A fountain splashed nearby, and Fiona welcomed the cooling effect on the warm day. In the center of the water sat a bronze bearded man holding a trident; leaping fish surrounded him-all frozen forever in gleaming metal.

Dante pointed to a row of stately brownstones. “Those are the dormitories for those living on campus.” He indicated a larger columned building of gray granite in the distance. “The health center. And over these steps on the hill is Plato’s Court, where you’ll have most of your freshman classes. ”

Robert interrupted. “Hey-what’s this?” He pointed back at the fountain.

Two boys stood on opposite sides of the fountain, facing each other across the water. Their Paxington jackets were off, and each held rapiers.

“A freshman duel,” Dante remarked. “I supposed I should’ve covered this. Let’s watch.”

The tips of their rapiers glistened. One boy was as big as a football player, the other smaller than Eliot. . even more so because he crouched low.

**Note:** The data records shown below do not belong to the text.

(* Every cograph is spectrally threshold dominated.
   Context: All graphs are finite and simple. Cographs are defined recursively: the single-node graph $K_1$ is a cograph; the disjoint union of cographs is a cograph; the complement of a cograph is a cograph. For a graph $G$ on $n$ nodes, the Laplacian eigenvalues (eigenvalues of $L(G)=D(G)-A(G)$) are $\lambda_1(G)\ge\dots\ge\lambda_n(G)=0$. A threshold graph is a graph obtainable from the empty graph by repeatedly adding a new node that is either isolated or adjacent to all previously added nodes. A graph $G$ on $n$ nodes with $m$ edges is spectrally threshold dominated if for each $k\in\{1,\dots,n\}$ there is a threshold graph $T_k$ on $n$ nodes with $m$ edges satisfying $\sum_{i=1}^k\lambda_i(T_k)\ge\sum_{i=1}^k\lambda_i(G)$. *)

theory Defs
  imports "Jordan_Normal_Form.Char_Poly"
begin

definition simple_graph :: "'a set \<Rightarrow> ('a \<Rightarrow> 'a \<Rightarrow> bool) \<Rightarrow> bool" where
  "simple_graph V E \<longleftrightarrow> finite V \<and> (\<forall>u v. E u v \<longrightarrow> u \<in> V \<and> v \<in> V \<and> u \<noteq> v \<and> E v u)"

definition graph_union :: "('a \<Rightarrow> 'a \<Rightarrow> bool) \<Rightarrow> ('a \<Rightarrow> 'a \<Rightarrow> bool) \<Rightarrow> ('a \<Rightarrow> 'a \<Rightarrow> bool)" where
  "graph_union E1 E2 = (\<lambda>u v. E1 u v \<or> E2 u v)"

definition graph_compl :: "'a set \<Rightarrow> ('a \<Rightarrow> 'a \<Rightarrow> bool) \<Rightarrow> ('a \<Rightarrow> 'a \<Rightarrow> bool)" where
  "graph_compl V E = (\<lambda>u v. u \<in> V \<and> v \<in> V \<and> u \<noteq> v \<and> \<not> E u v)"

inductive cograph :: "'a set \<Rightarrow> ('a \<Rightarrow> 'a \<Rightarrow> bool) \<Rightarrow> bool" where
  single: "cograph {v} (\<lambda>_ _. False)"
| union: "cograph V1 E1 \<Longrightarrow> cograph V2 E2 \<Longrightarrow> V1 \<inter> V2 = {} \<Longrightarrow>
            cograph (V1 \<union> V2) (graph_union E1 E2)"
| compl: "cograph V E \<Longrightarrow> cograph V (graph_compl V E)"

inductive threshold :: "'a set \<Rightarrow> ('a \<Rightarrow> 'a \<Rightarrow> bool) \<Rightarrow> bool" where
  empty: "threshold {} (\<lambda>_ _. False)"
| isolated: "threshold V E \<Longrightarrow> v \<notin> V \<Longrightarrow> threshold (insert v V) E"
| dominating: "threshold V E \<Longrightarrow> v \<notin> V \<Longrightarrow>
     threshold (insert v V) (\<lambda>x y. E x y \<or> (x = v \<and> y \<in> V) \<or> (y = v \<and> x \<in> V))"
(* Let $0<\mu<L_{\max}^{-1}$ with $L_{\max}=\max_i\|A_i\|_2^2$, let $\{x^n\}$ be generated by GAITA (as in the context) from an arbitrary $x^0\in\mathbf{R}^N$, and let $x^*$ be any limit point of $\{x^n\}$. Then there exists a positive integer $n^*>N$ such that for all $n>n^*$: (a) for every $j=1,\dots,N$, either $x_j^n=0$ or $|x_j^n|\geq\eta_{\mu,q}$; (b) $Supp(x^n)=Supp(x^* )$; (c) $sgn(x^n)=sgn(x^* )$ (componentwise).
   Context: Let $A\in\mathbf{R}^{m\times N}$ have columns $A_1,\dots,A_N$, $y\in\mathbf{R}^m$, $\lambda>0$, $q\in(0,1)$, and $T_\lambda(x)=\frac12\|Ax-y\|_2^2+\lambda\sum_{i=1}^N|x_i|^q$. For a step size $\mu>0$ set $\tau_{\mu,q}=\frac{2-q}{2-2q}(2\lambda\mu(1-q))^{\frac{1}{2-q}}$ and $\eta_{\mu,q}=(2\lambda\mu(1-q))^{\frac{1}{2-q}}$. For $z\in\mathbf{R}$ let $prox_{\mu,\lambda|\cdot|^q}(z)=\arg\min_{v\in\mathbf{R}}\{\frac{(z-v)^2}{2\mu}+\lambda|v|^q\}$ (a single point when $|z|\neq\tau_{\mu,q}$). Define $\mathcal{T}(z,w)$ as the unique element of $prox_{\mu,\lambda|\cdot|^q}(z)$ if $|z|\neq\tau_{\mu,q}$, and, if $|z|=\tau_{\mu,q}$, as $sgn(z)\eta_{\mu,q}$ when $w\neq0$ and $0$ when $w=0$. GAITA: given $x^0\in\mathbf{R}^N$, for $n=0,1,2,\dots$ let $i=(n\bmod N)+1$, $z_i^n=x_i^n-\mu A_i^T(Ax^n-y)$, $x_i^{n+1}=\mathcal{T}(z_i^n,x_i^n)$, $x_j^{n+1}=x_j^n$ for $j\neq i$. $Supp(x)=\{i:x_i\neq0\}$, $sgn(0)=0$. *)

theory Defs
  imports "HOL-Analysis.Analysis"
begin

(* Conventions: A is an m x N real matrix given as A k j (row k < m, column j < N);
   vectors in R^N are functions nat => real, only coordinates j < N matter.
   Coordinates are 0-indexed: the paper's coordinate i corresponds to i-1 here. *)

definition tau_mq :: "real \<Rightarrow> real \<Rightarrow> real \<Rightarrow> real" where
  "tau_mq lam mu q = (2 - q) / (2 - 2*q) * (2*lam*mu*(1-q)) powr (1/(2-q))"
lemma IS_dev_green_joins_red:
  assumes Cr: "coal P r = insert r T" "T \<subseteq> Gr"
    and h: "h \<in> Gr" and Ch: "coal P h = insert b U" "U \<subseteq> Gr"
  shows "IS_dev col \<gamma> pref P h"
proof (rule IS_devI)
  have "h \<in> N" using h Gr_subset_N by blast
  show "coal P r \<in> P" using coal_in r_in_N by blast
  show h_notin: "h \<notin> coal P r"
  proof
    assume "h \<in> coal P r"
    then have "coal P h = coal P r" using coal_of_member coal_in r_in_N by blast
    then show False using Ch Cr r_neq_b red_blue_agent[of b] by auto
  qed
  have "h \<notin> T" "insert h T \<subseteq> Gr" using h_notin Cr h by auto
  then have card_hT: "card (insert h T) = card T + 1"
    using finite_subset[OF Cr(2) finite_Gr] by simp
  then have "card T + 1 \<le> m"
    using card_mono[OF finite_Gr \<open>insert h T \<subseteq> Gr\<close>] card_Gr by simp
  have joined: "pal (insert h (coal P r)) = GR (card T + 1)"
    using gpal_card[of r "insert h T"] \<open>insert h T \<subseteq> Gr\<close> card_hT Cr by (simp add: insert_commute)
  have "h \<in> U" using coal_in(2)[OF \<open>h \<in> N\<close>] Ch h red_blue_agent[of b] by auto
  then have "1 \<le> card U" "card U \<le> m"
    using finite_subset[OF Ch(2) finite_Gr] card_mono[OF finite_Gr Ch(2)] card_Gr
    by (auto simp: Suc_le_eq card_gt_0_iff)
  moreover have "pal (coal P h) = GB (card U)" using gpal_card[of b U] Ch by simp
  ultimately show "spref pref h (pal (insert h (coal P r))) (pal (coal P h))"
    using joined green_GR_over_GB[OF h] \<open>card T + 1 \<le> m\<close> by simp
  have "spref pref j (GR (card T + 1)) (GR (card T))" if "j \<in> coal P r" for j
  proof (cases "j = r")
    case False
    then have "j \<in> Gr" "1 \<le> card T"
      using that Cr finite_subset[OF Cr(2) finite_Gr] by (auto simp: Suc_le_eq card_gt_0_iff)
    then show ?thesis using green_GR_step \<open>card T + 1 \<le> m\<close> by simp
  qed (use red_GR_succ \<open>card T + 1 \<le> m\<close> in simp)
  then show "\<forall>j\<in>coal P r. pref j (pal (insert h (coal P r))) (pal (coal P r))"
    using joined gpal_card[of r T] Cr unfolding spref_def by simp
qed
text \<open>A root r of an irreducible polynomial f of degree n over F_q has Frobenius period
  exactly n: its orbit consists of at most n roots of f, and it is the root set of a
  polynomial over F_q, which must have degree at least n.\<close>
lemma root_period:
  fixes \<psi> :: "'b::{field,finite} \<Rightarrow> 'c::field" and f :: "'b poly"
  assumes h: "rhom \<psi>" and pr: "prime CHAR('c)" and q: "CARD('b) = CHAR('c) ^ e"
    and irr: "irreducible f" and deg: "degree f = n"
    and r: "poly (map_poly \<psi> f) r = 0"
  shows "r ^ (CARD('b) ^ m) = r \<longleftrightarrow> n dvd m"
proof -
  let ?q = "CARD('b)" and ?R = "{x. poly (map_poly \<psi> f) x = 0}"
  have F0: "map_poly \<psi> f \<noteq> 0" using irr rhom_eq_0_iff[OF h] by (auto simp: map_poly_eq_0_iff)
  have roots: "card ?R \<le> n" "finite ?R"
    using card_poly_roots_bound[OF F0] poly_roots_finite[OF F0] rhom_eq_0_iff[OF h] deg
    by (auto simp: degree_map_poly)
  have orbit_roots: "r ^ (?q ^ t) \<in> ?R" for t
    using poly_frob[OF pr q coeff_map_poly_fixed[OF h], where t = t and x = r] r by (simp add: zero_power)
  hence "range (\<lambda>i. r ^ (?q ^ i)) \<subseteq> ?R" by blast
  then obtain d where d: "d > 0" "\<And>m. r ^ (?q ^ m) = r \<longleftrightarrow> d dvd m"
    and cardO: "card ((\<lambda>i. r ^ (?q ^ i)) ` {..<d}) = d"
    and stable: "(\<lambda>x. x ^ ?q) ` (\<lambda>i. r ^ (?q ^ i)) ` {..<d} \<subseteq> (\<lambda>i. r ^ (?q ^ i)) ` {..<d}"
    using frob_orbit[OF pr q finite_subset[OF _ roots(2)]] by blast
  define Orb where "Orb = (\<lambda>i. r ^ (?q ^ i)) ` {..<d}"
  have "Orb \<subseteq> ?R" unfolding Orb_def by (rule image_subsetI) (rule orbit_roots)
  hence "d \<le> n" using card_mono[OF roots(2), of Orb] cardO roots(1) unfolding Orb_def by linarith
  have finO: "finite Orb" unfolding Orb_def by simp
  obtain H0 where H0: "map_poly \<psi> H0 = (\<Prod>y\<in>Orb. [:- y, 1:])"
    using stable_roots_poly_descends[OF h pr q finO stable[folded Orb_def]] by blast
  have "degree (map_poly \<psi> H0) = (\<Sum>y\<in>Orb. degree [:- y, 1:])"
    unfolding H0 by (rule degree_prod_eq_sum_degree) auto
  hence degH0: "degree H0 = d" using cardO by (simp add: Orb_def degree_map_poly rhom_eq_0_iff[OF h])
  have "map_poly \<psi> H0 \<noteq> 0" unfolding H0 using finO by (simp add: prod_zero_iff)
  hence H0_nz: "H0 \<noteq> 0" by auto
  have "r \<in> Orb" using d(1) unfolding Orb_def by (auto intro!: image_eqI[of _ _ 0])
  hence "poly (map_poly \<psi> H0) r = 0" unfolding H0 poly_prod using finO by (auto intro: prod_zero)
  hence "n \<le> d" using irreducible_degree_le[OF h irr r _ H0_nz] deg degH0 by simp
  thus ?thesis using \<open>d \<le> n\<close> d(2) by simp
qed

section \<open>Roots of an affine substitution\<close>

lemma roots_eq_image:
  fixes G :: "'c::field poly"
  assumes G0: "G \<noteq> 0" and deg: "degree G \<le> n" and inj: "inj_on \<rho> {..<n}"
    and roots: "\<And>j. j < n \<Longrightarrow> poly G (\<rho> j) = 0"
  shows "{x. poly G x = 0} = \<rho> ` {..<n}"
proof (rule card_seteq[symmetric])
  show "finite {x. poly G x = 0}" by (rule poly_roots_finite[OF G0])
  show "\<rho> ` {..<n} \<subseteq> {x. poly G x = 0}" using roots by auto
  show "card {x. poly G x = 0} \<le> card (\<rho> ` {..<n})"
    using card_poly_roots_bound[OF G0] deg card_image[OF inj] by simp
qed
(* (Completeness) Let $\mathfrak M=(\mathfrak T,\mathcal V)$ be a TFL model and $\phi$ a TFL formula in positive normal form, and let $H_0=(\mathfrak X(s_0),t_\epsilon)$ be the initial process. If $H_0\in[\![\phi]\!]^{\mathfrak T}_{\mathcal V}$, then Eve has a winning strategy in the model-checking game $\mathcal G(H_0,\phi)$.
   Context: Systems: $\mathfrak T=(S,s_0,T,I,\Sigma)$, a transition system with independence (states $S$, initial $s_0$, labels $\Sigma$, transitions $T\subseteq S\times\Sigma\times S$, irreflexive symmetric independence $I\subseteq T\times T$ satisfying the standard TSI axioms), image-finite. For $t=(s,a,s')$: $\sigma(t)=s,\tau(t)=s',\delta(t)=a$. $t\otimes t'$ iff $\sigma(t)=\sigma(t')\wedge tIt'$; $t\ominus t'$ iff $\tau(t)=\sigma(t')\wedge tIt'$; $t\le t'$ iff $\tau(t)=\sigma(t')\wedge\neg tIt'$. $\mathfrak X(s)$ = transitions with source $s$; conflict-free set = set with common source, pairwise $\otimes$; support sets = the $\mathfrak X(s)$ and non-empty conflict-free sets; $M\sqsubseteq R$ iff $M\subseteq R$ and no $t\in R\setminus M$ has $t\otimes t'$ for all $t'\in M$; $\mathcal X$ = all $\mathfrak X(s)$ and all support sets $M\sqsubseteq\mathfrak X(s)$; $\mathfrak A=T\cup\{t_\epsilon\}$ with fresh $t_\epsilon$, $\tau(t_\epsilon)=s_0$, $t_\epsilon\le t$ whenever $\sigma(t)=s_0$, never $t_\epsilon\ominus t$; processes $\mathfrak S=\mathcal X\times\mathfrak A$. TFL: formulas $\phi::=Z\mid\neg\phi\mid\phi\wedge\phi\mid\langle a\rangle_c\phi\mid\langle a\rangle_{nc}\phi\mid\langle\otimes\rangle\phi\mid\mu Z.\phi$ (free occurrences of $Z$ in $\mu Z.\phi$ under an even number of negations), with duals $\vee$, $[a]_c=\neg\langle a\rangle_c\neg$, $[a]_{nc}$, $[\otimes]=\neg\langle\otimes\rangle\neg$, $\nu Z.\phi=\neg\mu Z.\neg\phi[\neg Z/Z]$. A model is $(\mathfrak T,\mathcal V)$ with $\mathcal V:\mathrm{Var}\to2^{\mathfrak S}$. Semantics in $2^{\mathfrak S}$: $[\![Z]\!]=\mathcal V(Z)$, $\neg$ complement, $\wedge$ intersection, $[\![\langle a\rangle_c\phi]\!]=\{(R,t):\exists r\in R.\ \delta(r)=a,\ t\le r,\ (\mathfrak X(\tau(r)),r)\in[\![\phi]\!]\}$, $\langle a\rangle_{nc}$ likewise with $t\ominus r$, $[\![\langle\otimes\rangle\phi]\!]=\{(R,t):\exists M\in\mathcal X.\ M\sqsubseteq R,\ (M,t)\in[\![\phi]\!]\}$, $[\![\mu Z.\phi]\!]_{\mathcal V}=\bigcap\{Q\subseteq\mathfrak S:[\![\phi]\!]_{\mathcal V[Z:=Q]}\subseteq Q\}$. Positive normal form: negation only on variables, no two binders bind the same variable. $Sub(\phi)$ is the set of subformulas. Model-checking game $\mathcal G(H_0,\phi)$ between Eve and Adam: configurations $H\vdash\psi$ with $H\in\mathfrak S$, $\psi\in Sub(\phi)$; start $H_0\vdash\phi$. Rules: $H\vdash\mu Z.\psi$ or $H\vdash\nu Z.\psi$ moves to $H\vdash Z$; $H\vdash Z$ with $Z$ bound by $\mu Z.\psi$ or $\nu Z.\psi$ moves to $H\vdash\psi$; at $H\vdash\psi_0\vee\psi_1$ Eve (at $\wedge$, Adam) chooses $H\vdash\psi_i$; at $(R,t)\vdash\langle a\rangle_c\psi$ Eve (at $[a]_c\psi$, Adam) chooses $r\in R$ with $\delta(r)=a$, $t\le r$, moving to $(\mathfrak X(\tau(r)),r)\vdash\psi$; same for $\langle a\rangle_{nc}$/$[a]_{nc}$ with $t\ominus r$; at $(R,t)\vdash\langle\otimes\rangle\psi$ Eve (at $[\otimes]\psi$, Adam) chooses $M\in\mathcal X$ with $M\sqsubseteq R$, moving to $(M,t)\vdash\psi$. Adam wins a play iff it ends at $H\vdash Z$ ($Z$ free) with $H\notin\mathcal V(Z)$, or at a diamond configuration ($\langle a\rangle_c$, $\langle a\rangle_{nc}$, $\langle\otimes\rangle$) with no available choice, or is infinite and the syntactically outermost variable occurring infinitely often is bound by a $\mu$; Eve wins dually (ends at $H\vdash Z$ with $H\in\mathcal V(Z)$, at a box configuration with no available choice, or infinite with the outermost infinitely-often variable bound by a $\nu$). A player has a winning strategy if she/he can guarantee winning every play. *)

theory Defs
  imports Main
begin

“Duels are permitted anytime on campus,” Dante explained. “But only by mutual consent, of course.”

They circled closer toward each other.

The bigger boy rushed his opponent, trying to skewer him through the midsection.

The smaller boy sidestepped and parried-but still stumbled back from the force, and almost fell into the fountain.

“Don’t worry,” Dante told her, “it’s only to first blood.”

“But I hear there are always accidents,” Sarah added.

Fiona thought it the most barbaric thing in the world. People shouldn’t be shoving other people off thirty-foot platforms, and they definitely shouldn’t be attacking each other with swords at school.

The small boy parried another attack, riposted-and with a deft twist, skewered the larger boy’s hand. . pushing his blade almost up to the hilt, and then twisting until the larger boy was on his knees.

“See?” Dante said. “Just first blood.” He turned away, no longer interested.

Fiona was horrified. . but couldn’t look away.

The smaller boy smiled, accentuating a long scar on one cheek. His opponent was escorted away by two older students.

She wouldn’t forget the smaller boy. She might have to face him in gym class.